Wednesday, May 5, 2010

Appears Wall St CSEs dramatic increased balance sheet leverage replaced Buyers' liquidity & became a nuclear waste REPOSITORY for Level 2 and 3 assets

AFTER same Wall St firms attracted buyers of Derivatives, buyers appetite sated, then CSE's continued to underwrite new cousins of Derivatives and first generation derivatives - did what? - piled up; where? On and off balance sheet of supposedly regulated entities.

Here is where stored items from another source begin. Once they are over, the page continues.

definition epsA :: "nat \<Rightarrow> 'k::field" where
  "epsA n = (if n = 0 then 1 else 0)"

definition convA :: "(nat \<Rightarrow> 'k::field) \<Rightarrow> (nat \<Rightarrow> 'k) \<Rightarrow> nat \<Rightarrow> 'k" where
  "convA \<phi> \<psi> n = (\<Sum>r\<le>n. \<phi> r * \<psi> (n - r))"

primrec convA_pow :: "(nat \<Rightarrow> 'k::field) \<Rightarrow> nat \<Rightarrow> nat \<Rightarrow> 'k" where
  "convA_pow \<phi> 0 = epsA"
| "convA_pow \<phi> (Suc n) = convA \<phi> (convA_pow \<phi> n)"

text \<open>log^* chi = sum_{n>=1} (-1)^(n+1)/n (chi - eps)^{*n}, evaluated pointwise
  as the (locally finite) sum over the nonzero terms.\<close>
definition logA :: "(nat \<Rightarrow> 'k::field) \<Rightarrow> nat \<Rightarrow> 'k" where
  "logA \<chi> m = (let T = (\<lambda>n. ((-1) ^ (n + 1) / of_nat n) * convA_pow (\<lambda>u. \<chi> u - epsA u) n m)
               in \<Sum>n\<in>{n. 1 \<le> n \<and> T n \<noteq> 0}. T n)"

definition deltaA :: "nat \<Rightarrow> 'k::field" where
  "deltaA s = (if s \<le> 1 then 1 else 0)"

text \<open>Non-planar rooted trees: a root with a multiset of subtrees (B_+ = Node).
  Forests (the monomial basis of H_CK) are multisets of trees; the empty forest is the unit.\<close>
datatype tree = Node "tree multiset"

type_synonym forest = "tree multiset"

text \<open>Multiplication of multisets of pairs (v,w) (the algebra structure of H_CK \<otimes> H_CK
  on basis elements).\<close>
definition mult_pairs :: "(forest \<times> forest) multiset \<Rightarrow> (forest \<times> forest) multiset \<Rightarrow> (forest \<times> forest) multiset" where
  "mult_pairs A B = sum_mset (image_mset (\<lambda>(v1, w1). image_mset (\<lambda>(v2, w2). (v1 + v2, w1 + w2)) B) A)"

text \<open>Admissible cuts: the multiset of pairs (v,w) over all decompositions V \<sqcup> W of the
  vertex set with no vertex of V strictly below a vertex of W.  For a tree B_+(f): either the
  root is in V (then all vertices are in V), or the root is in W, and then V \<sqcup> W restricted to
  f is an arbitrary admissible decomposition of f.  For a forest the decompositions are
  independent on each tree.\<close>
primrec cop_tree :: "tree \<Rightarrow> (forest \<times> forest) multiset" where
  "cop_tree (Node f) =
     {# ({#Node f#}, {#}) #} +
     image_mset (\<lambda>(v, w). (v, {#Node w#}))
       (fold_mset mult_pairs {# ({#}, {#}) #} (image_mset cop_tree f))"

It seems clear that CSE's under the SEC's supervision and extra supervision as pointed out by Ms Borne in today's FCIC hearing -
created liqudity,
witnessed, were on notice and indeed participated in the KILLING of markets,
i.e. the "liquidity" demand provided by erstwhile buyers of derivatives
buyers of their proprietary "housewares" which dried up - this appears:

CSE balance sheet leverage REPLACED liquidity - huh?
As was penned here last year - see link here Leverage blessed Leverage blessed prop trades and (proprietary) Asset Valuations http://fiduciaryforensics.blogspot.com/2009/09/leverage-blessed-leverage-for-certain.html

Yet the CASH bonus parade continued its march - huh?
See also http://fiduciaryforensics.blogspot.com/2009/07/wall-sts-off-balance-sheet-expansion.html

Cash bonuses the result of ASSET price conversion - an illicit if not an illegal "conversion" it appears, subject to proof; and subject to ""Clawback" if fraudulent or with intent to deceive markets.

CSE's were the largest, most sophisticated players, investment banks on Wall St. The SEC enacted Consolidated Supervised Entities in 2004, discarded 30 years old required capital calculations, allowed CSE's to use their OWN proprietary valuation models to calculate required capital - true not making it up.

Incandescent insights into the so called Economic or Financial Crisis - as if it applies uniformly to all financial institutions - one appears singularly engineered BY and as a RESULT of only certain NY Federal Reserve district banks and investment banks - "Wall St market makers" like Goldman, et al.


When any Investment Bank could have said NO - at any time - to more MBS derivatives underwritings, leverage and PROPRIETARY valuation; but didn't.

Ending the siesta on the US taxpayer's dime - one little blog at a time.